### TASK INSTRUCTIONS
From the entries below, return every line that includes the word "then".

### EXTRACTED ENTRIES
lemma Xbar_eq_card_independent_covers:
  assumes fin: "finite V" and m0: "0 \<notin># m"
  shows "Xbar V E m = card (independent_covers V E m)"
proof -
  let ?P = "{\<kappa>. proper_set_coloring V E \<kappa> \<and> coloring_monomial V \<kappa> = m}"
  have "coloring_of_classes V (set_mset m) (color_classes V (set_mset m) \<kappa>) v = \<kappa> v"
    if "\<kappa> \<in> ?P" for \<kappa> v
    using colors_subset_coloring_monomial[OF fin, of E \<kappa> v] that
    by (auto simp: color_classes_def coloring_of_classes_def proper_set_coloring_def)
  moreover have "color_classes V (set_mset m) (coloring_of_classes V (set_mset m) S) i = S i"
    if "S \<in> independent_covers V E m" for S i
    using that
    by (auto simp: color_classes_def coloring_of_classes_def covering_families_def PiE_def extensional_def)
  ultimately have "bij_betw (color_classes V (set_mset m)) ?P (independent_covers V E m)"
    using color_classes_in_independent_covers[OF fin] coloring_of_classes_proper[OF fin m0]
    by (intro bij_betwI[where g = "coloring_of_classes V (set_mset m)"]) (auto intro: ext)
  then show ?thesis unfolding Xbar_def by (rule bij_betw_same_card)
qed

lemma coeff_indep_poly:
  assumes "finite W"
  shows "coeff (indep_poly W F) k = card (indep_sets_of_size W F k)"
proof (cases "k \<le> card W")
  case False
  with assms have empty: "indep_sets_of_size W F k = {}"
    by (auto simp: independent_set_def dest: card_mono)
  from False show ?thesis by (simp add: indep_poly_def coeff_sum coeff_monom empty)
qed (simp add: indep_poly_def coeff_sum coeff_monom)

lemma coeff_indep_poly_0:
  assumes "finite W"
  shows "coeff (indep_poly W F) 0 = 1"
proof -
  have "indep_sets_of_size W F 0 = {{}}"
    using assms by (auto simp: independent_set_def) (metis card_0_eq empty_iff rev_finite_subset)
  then show ?thesis by (simp add: coeff_indep_poly[OF assms])
qed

### OUTPUT
  then show ?thesis unfolding Xbar_def by (rule bij_betw_same_card)
  then show ?thesis by (simp add: coeff_indep_poly[OF assms])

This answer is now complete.